When corn planting and early crop development are slowed by rainfall and less-than-perfect conditions, corn diseases should be a key target for crop scouting as the growing season unfolds. This will allow producers to not only react to those diseases, but also help them know what types of crop conditions they may encounter at harvest as a result of any in-season disease pressures.
Disease pressures are a major concern for a lot of corn farmers. A survey of more than 450 corn farmers conducted by Dragotec USA reveals diseases and the yield loss they can create are among the top four yield-reducing variables in their fields, with 42.1% saying it’s the most important factor in limiting yield.
Gauging the potential yield loss you’ll face at harvest depends most on the part of the corn plant each disease attacks. Foliar diseases and those that primarily hit corn stalks have similar effects on late-season development as harvest nears, with stalk and ear lodging leaving plants most susceptible to yield loss. And, diseases don’t hit the corn crop in a vacuum; the presence of other adverse conditions can magnify the potential damage of common diseases like gray leaf spot.
“A lot of times, you will see disease pressures show up when you have wet conditions. Diseases can move rapidly in the soil profile and infect germinating seedlings or splash up on a growing plant,” says Fenton, Iowa, farmer and Dragotec USA president Dennis Bollig. “Different parts of a field will be affected differently. Often times, a disease doesn’t kill the plant, but it definitely affects the size and shape of that plant later in life.”

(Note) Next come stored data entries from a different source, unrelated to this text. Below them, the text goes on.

text \<open>t S_{t,t,t}: copy i < t; the centre of copy i is (i,0,0); the vertex at
  distance l (1 <= l <= t) on branch j < 3 of copy i is (i,j,l).\<close>
definition tStt :: "nat \<Rightarrow> (nat \<times> nat \<times> nat) graph" where
  "tStt t = ({(i, 0, 0) | i. i < t} \<union> {(i, j, l) | i j l. i < t \<and> j < 3 \<and> 1 \<le> l \<and> l \<le> t},
     {{(i, 0, 0), (i, j, 1)} | i j. i < t \<and> j < 3} \<union>
     {{(i, j, l), (i, j, Suc l)} | i j l. i < t \<and> j < 3 \<and> 1 \<le> l \<and> l < t})"

definition X_class :: "nat \<Rightarrow> 'v graph \<Rightarrow> bool" where
  "X_class t G \<longleftrightarrow> is_graph G \<and> sifree1 (tStt t) G"

definition reach :: "'v graph \<Rightarrow> 'v \<Rightarrow> 'v \<Rightarrow> bool" where
  "reach G = (\<lambda>u v. u \<in> verts G \<and> v \<in> verts G \<and> adj G u v)\<^sup>*\<^sup>*"

definition num_components :: "'v graph \<Rightarrow> nat" where
  "num_components G = card ((\<lambda>v. {u \<in> verts G. reach G v u}) ` verts G)"

definition delete_vertex :: "'v graph \<Rightarrow> 'v \<Rightarrow> 'v graph" where
  "delete_vertex G v = (verts G - {v}, {e \<in> edges G. v \<notin> e})"

definition cut_vertex :: "'v graph \<Rightarrow> 'v \<Rightarrow> bool" where
  "cut_vertex G v \<longleftrightarrow> v \<in> verts G \<and> num_components (delete_vertex G v) > num_components G"

definition independent :: "'v graph \<Rightarrow> 'v set \<Rightarrow> bool" where
  "independent G S \<longleftrightarrow> (\<forall>u\<in>S. \<forall>v\<in>S. \<not> adj G u v)"

definition complete_to :: "'v graph \<Rightarrow> 'v set \<Rightarrow> 'v set \<Rightarrow> bool" where
  "complete_to G X Y \<longleftrightarrow> (\<forall>x\<in>X. \<forall>y\<in>Y. adj G x y)"

definition anticomplete_to :: "'v graph \<Rightarrow> 'v set \<Rightarrow> 'v set \<Rightarrow> bool" where
  "anticomplete_to G X Y \<longleftrightarrow> (\<forall>x\<in>X. \<forall>y\<in>Y. \<not> adj G x y)"

definition is_module :: "'v graph \<Rightarrow> 'v set \<Rightarrow> bool" where
  "is_module G U \<longleftrightarrow> U \<subseteq> verts G \<and>
     (\<forall>v \<in> verts G - U. complete_to G {v} U \<or> anticomplete_to G {v} U)"

definition bip_pair :: "'v graph \<Rightarrow> 'v set \<Rightarrow> 'v set \<Rightarrow> bool" where
  "bip_pair G A B \<longleftrightarrow> A \<subseteq> verts G \<and> B \<subseteq> verts G \<and> A \<inter> B = {} \<and>
     independent G A \<and> independent G B \<and> complete_to G A B"

definition maximal_bip_pair :: "'v graph \<Rightarrow> 'v set \<Rightarrow> 'v set \<Rightarrow> bool" where
  "maximal_bip_pair G A B \<longleftrightarrow> bip_pair G A B \<and>
     \<not> (\<exists>A' B'. A \<subseteq> A' \<and> B \<subseteq> B' \<and> bip_pair G A' B' \<and> A \<union> B \<subset> A' \<union> B')"

end

theory Submission
  imports Defs
begin

(* Suppose a vertex w outside A \<union> B is neither complete nor anticomplete to A \<union> B. By
   maximality of the pair, w is mixed on one side, say adjacent to a\<^sub>1 and non-adjacent to a\<^sub>0
   in A; we show that then inter_to G T holds for T = tS_{t,t,t}, contradicting G \<in> X_t.

   It suffices to embed T into G in such a way that any prescribed non-adjacent pair x, y of T is
   mapped to a non-adjacent pair: suitably relabelled images of G then intersect in a copy of T.
   Since T is a forest and |A|, |B| > |V(T)|, a proper 2-colouring of T maps it into the complete
   bipartite graph between A and B, and choosing the colouring spider by spider separates every
   pair except two vertices of one spider at odd distance. Such x and y are sent to w and to a
   non-neighbour a\<^sub>2 \<in> A of w, the parent of x to a\<^sub>1, and the branch beyond x is rerouted along
   a path from w that meets A \<union> B first at its end, outside a\<^sub>1. This path exists because a\<^sub>1 is
   not a cut vertex; the rest of T is again 2-coloured into A and B. *)

lemma adj_commute: "adj G u v \<longleftrightarrow> adj G v u"
  unfolding adj_def by (simp add: insert_commute)

lemma is_graph_edgeE:
  assumes "is_graph G" "e \<in> edges G"
  obtains u v where "e = {u, v}" "u \<noteq> v" "u \<in> verts G" "v \<in> verts G"
  using assms unfolding is_graph_def by meson

lemma edge_subset_verts: "is_graph G \<Longrightarrow> e \<in> edges G \<Longrightarrow> e \<subseteq> verts G"
  by (metis is_graph_edgeE empty_subsetI insert_subset)

lemma adj_verts: "is_graph G \<Longrightarrow> adj G u v \<Longrightarrow> u \<in> verts G \<and> v \<in> verts G"
  unfolding adj_def by (meson edge_subset_verts insert_subset)

lemma not_adj_self: "is_graph G \<Longrightarrow> \<not> adj G v v"
  unfolding adj_def by (metis is_graph_edgeE doubleton_eq_iff insert_absorb2)

lemma bip_pair_swap: "bip_pair G A B \<Longrightarrow> bip_pair G B A"
  unfolding bip_pair_def complete_to_def by (auto intro: adj_commute[THEN iffD1])

lemma bip_pair_adj: "bip_pair G A B \<Longrightarrow> a \<in> A \<Longrightarrow> b \<in> B \<Longrightarrow> adj G a b \<and> adj G b a"
  unfolding bip_pair_def complete_to_def by (metis adj_commute)

lemma bip_pair_not_adj:
  "bip_pair G A B \<Longrightarrow> (u \<in> A \<and> v \<in> A) \<or> (u \<in> B \<and> v \<in> B) \<Longrightarrow> \<not> adj G u v"
  unfolding bip_pair_def independent_def by blast

section \<open>Intersections of relabelled copies\<close>

definition embedding :: "'w graph \<Rightarrow> 'v graph \<Rightarrow> ('w \<Rightarrow> 'v) \<Rightarrow> bool" where
  "embedding T G \<phi> \<longleftrightarrow> inj_on \<phi> (verts T) \<and> \<phi> ` verts T \<subseteq> verts G \<and>
     (\<forall>a b. {a, b} \<in> edges T \<longrightarrow> adj G (\<phi> a) (\<phi> b))"

(* The copy \<phi>(V) of T receives the even labels 2 code x, whatever \<phi> is; every other
   vertex receives an odd label, and the tag i \<in> {0, 1} keeps the odd labels of two
   relabellings apart. *)
definition relabel ::
    "('w \<Rightarrow> nat) \<Rightarrow> ('v \<Rightarrow> nat) \<Rightarrow> 'w set \<Rightarrow> nat \<Rightarrow> ('w \<Rightarrow> 'v) \<Rightarrow> 'v \<Rightarrow> nat" where
  "relabel code enc V i \<phi> u =
     (if u \<in> \<phi> ` V then 2 * code (inv_into V \<phi> u) else 4 * enc u + 2 * i + 1)"

lemma relabel_image: "inj_on \<phi> V \<Longrightarrow> x \<in> V \<Longrightarrow> relabel code enc V i \<phi> (\<phi> x) = 2 * code x"
  by (simp add: relabel_def)

lemma relabel_eq_double_code:
  assumes "relabel code enc V i \<phi> u = 2 * code x" "inj_on code V" "inj_on \<phi> V" "x \<in> V"
  shows "u = \<phi> x"
proof (cases "u \<in> \<phi> ` V")
  case True
  then have "code (inv_into V \<phi> u) = code x" using assms(1) by (simp add: relabel_def)
  then have "inv_into V \<phi> u = x" using True assms(2,4) by (meson inj_onD inv_into_into)
  then show ?thesis using True by (auto simp: f_inv_into_f)
next
  case False
  then show ?thesis using assms(1) by (simp add: relabel_def) presburger
qed

lemma inj_on_relabel:
  assumes code: "inj_on code V" and enc: "inj_on enc W" and \<phi>: "inj_on \<phi> V"
  shows "inj_on (relabel code enc V i \<phi>) W"
proof (rule inj_onI)
  fix u v assume uv: "u \<in> W" "v \<in> W" "relabel code enc V i \<phi> u = relabel code enc V i \<phi> v"
  show "u = v"
  proof (cases "u \<in> \<phi> ` V \<or> v \<in> \<phi> ` V")
    case True
    then obtain x where x: "x \<in> V" "u = \<phi> x \<or> v = \<phi> x" by blast
    then have "relabel code enc V i \<phi> u = 2 * code x" "relabel code enc V i \<phi> v = 2 * code x"
      using uv(3) relabel_image[OF \<phi>] by auto
    then show ?thesis using relabel_eq_double_code[OF _ code \<phi> x(1)] by metis
  next
    case False
    then show ?thesis using uv inj_onD[OF enc] by (simp add: relabel_def)
  qed
qed

lemma relabel_preimage_double_code:
  assumes "relabel code enc V i \<phi> ` e \<subseteq> (\<lambda>x. 2 * code x) ` S" "S \<subseteq> V"
    and "inj_on code V" "inj_on \<phi> V"
  shows "e \<subseteq> \<phi> ` S"
proof
  fix u assume "u \<in> e"
  then obtain x where "x \<in> S" "relabel code enc V i \<phi> u = 2 * code x" using assms(1) by blast
  then show "u \<in> \<phi> ` S" using relabel_eq_double_code[OF _ assms(3,4)] assms(2) by blast
qed

lemma Inter_relabel_verts:
  assumes emb: "\<And>i \<phi>. (i, \<phi>) \<in> \<Psi> \<Longrightarrow> embedding T G \<phi>"
    and tags: "(0, \<phi>\<^sub>0) \<in> \<Psi>" "(1, \<phi>\<^sub>0) \<in> \<Psi>"
  shows "(\<Inter>(i, \<phi>)\<in>\<Psi>. relabel code enc (verts T) i \<phi> ` verts G) = (\<lambda>x. 2 * code x) ` verts T"
proof (intro equalityI subsetI)
  fix z assume "z \<in> (\<lambda>x. 2 * code x) ` verts T"
  then obtain x where x: "x \<in> verts T" "z = 2 * code x" by blast
  have "z \<in> relabel code enc (verts T) i \<phi> ` verts G" if "(i, \<phi>) \<in> \<Psi>" for i \<phi>
    using emb[OF that] x relabel_image[of \<phi> "verts T" x code enc i]
    unfolding embedding_def by (metis image_eqI image_subset_iff)
  then show "z \<in> (\<Inter>(i, \<phi>)\<in>\<Psi>. relabel code enc (verts T) i \<phi> ` verts G)" by blast
next
  fix z assume z: "z \<in> (\<Inter>(i, \<phi>)\<in>\<Psi>. relabel code enc (verts T) i \<phi> ` verts G)"
  obtain u where u: "z = relabel code enc (verts T) 0 \<phi>\<^sub>0 u"
    using INT_D[OF z tags(1)] by auto
  obtain v where v: "z = relabel code enc (verts T) 1 \<phi>\<^sub>0 v"
    using INT_D[OF z tags(2)] by auto
  show "z \<in> (\<lambda>x. 2 * code x) ` verts T"
  proof (cases "u \<in> \<phi>\<^sub>0 ` verts T")
    case True
    then show ?thesis using u by (simp add: relabel_def inv_into_into)
  next
    case False
    then have "z mod 4 = 1" using u by (simp add: relabel_def)
    moreover have "z mod 4 \<noteq> 1" using v by (simp add: relabel_def) presburger
    ultimately show ?thesis by simp
  qed
qed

Here are a few key diseases to watch that can lead to yield loss both at different times during the growing season and at harvest.
42.1% OF FARMERS say disease pressure is the greatest factory impacting corn yield in their fields.
Gray leaf spot is considered by many to be the greatest disease threat to corn in the world, and susceptibility is widespread across most all corn hybrids. The fungal disease causes lesions that lead to yellowing leaf tissue and reduced photosynthetic activity, causing shortened yield potential through smaller ears with fewer kernels. When scouting, look for small, irregularly shaped, yellowish lesions between veins in corn leaves. Extended periods of high humidity (above 90 percent) from rainfall, dew or irrigation in combination with moderate temperatures help promote gray leaf spot infections, according to University of Nebraska plant pathologist Tamra Jackson-Ziems.
If you plant continuous corn, were delayed in planting this spring or use minimum tillage systems, you may be at higher risk for gray leaf spot. Applying a fungicide when the disease is at or beyond the threshold for economic damage is key to effectively managing the disease. And, managing crop residue, like through the chopping option in the Drago Series II and GT corn heads, can help residue break down quicker, trimming the chances of gray leaf spot spores overwintering and causing early-season outbreaks.
Common and southern rust, also fungal diseases, can come on quickly if the conditions are right, typically when leaves are exposed to surface moisture for more than a few hours at a time. Both are characterized by rust-colored pustules on leaves, both on top and the underside. The later in the season rust shows up, the darker the pustules appear. Also look for yellowish “halos” around the darker-colored pustules.
Scouting for rust is best done after conditions conducive to the disease’s development have been present, paying close attention to the economic threshold for treatment. Applying a fungicide should happen when weather conditions are expected to continue to be favorable for rust’s development, namely high temperatures and humidity levels.
Though Goss’s wilt and leaf blight also causes yellowish lesions on corn leaves, they’re a distinctly different shade than common or southern rust, and they develop into streaks that resemble water soaking or “freckles” on infected leaves. The bacterial disease first infects leaf tissue, but can cause stalk rot and plant mortality if left untreated. Symptoms can be mistaken for leaf scorch and other drought damage.
Moisture and temperatures below 80 degrees are key to Goss’s wilt development, especially in fields with heavy residue, either on or below the surface. Since it’s a bacterial disease, fungicides are not effective, leaving residue management and aggressive crop rotations key long-term strategies to keep it at bay, according to Jackson-Ziems.
Diseases like gray leaf spot and Goss’s wilt thrive in conditions when a lot of crop residue remains from previous years. That makes it important to handle residue the right way, as you can with the variable residue-sizing options in the Drago Series II and GT corn head chopping options. In addition to managing field conditions like residue, specific attention to the variability that fungicide treatments and the conditions under which they’re applied is key to minimizing the potential for yield loss up to and through harvest.
“Different variables in soils create different environments for pathogens living in corn. Whether fungicide treatments target diseases in root systems, stalks or ears, they can sometimes contribute to variability that leads to yield loss at harvest,” Bollig says. “Drainage, wind, soil type and overall moisture are major disease variables for plant and disease development that can cause lodging and variable plant sizes at harvest. It’s important to scout regularly during the season and have the right harvest equipment to account for the variability diseases — and their treatments — they can create.”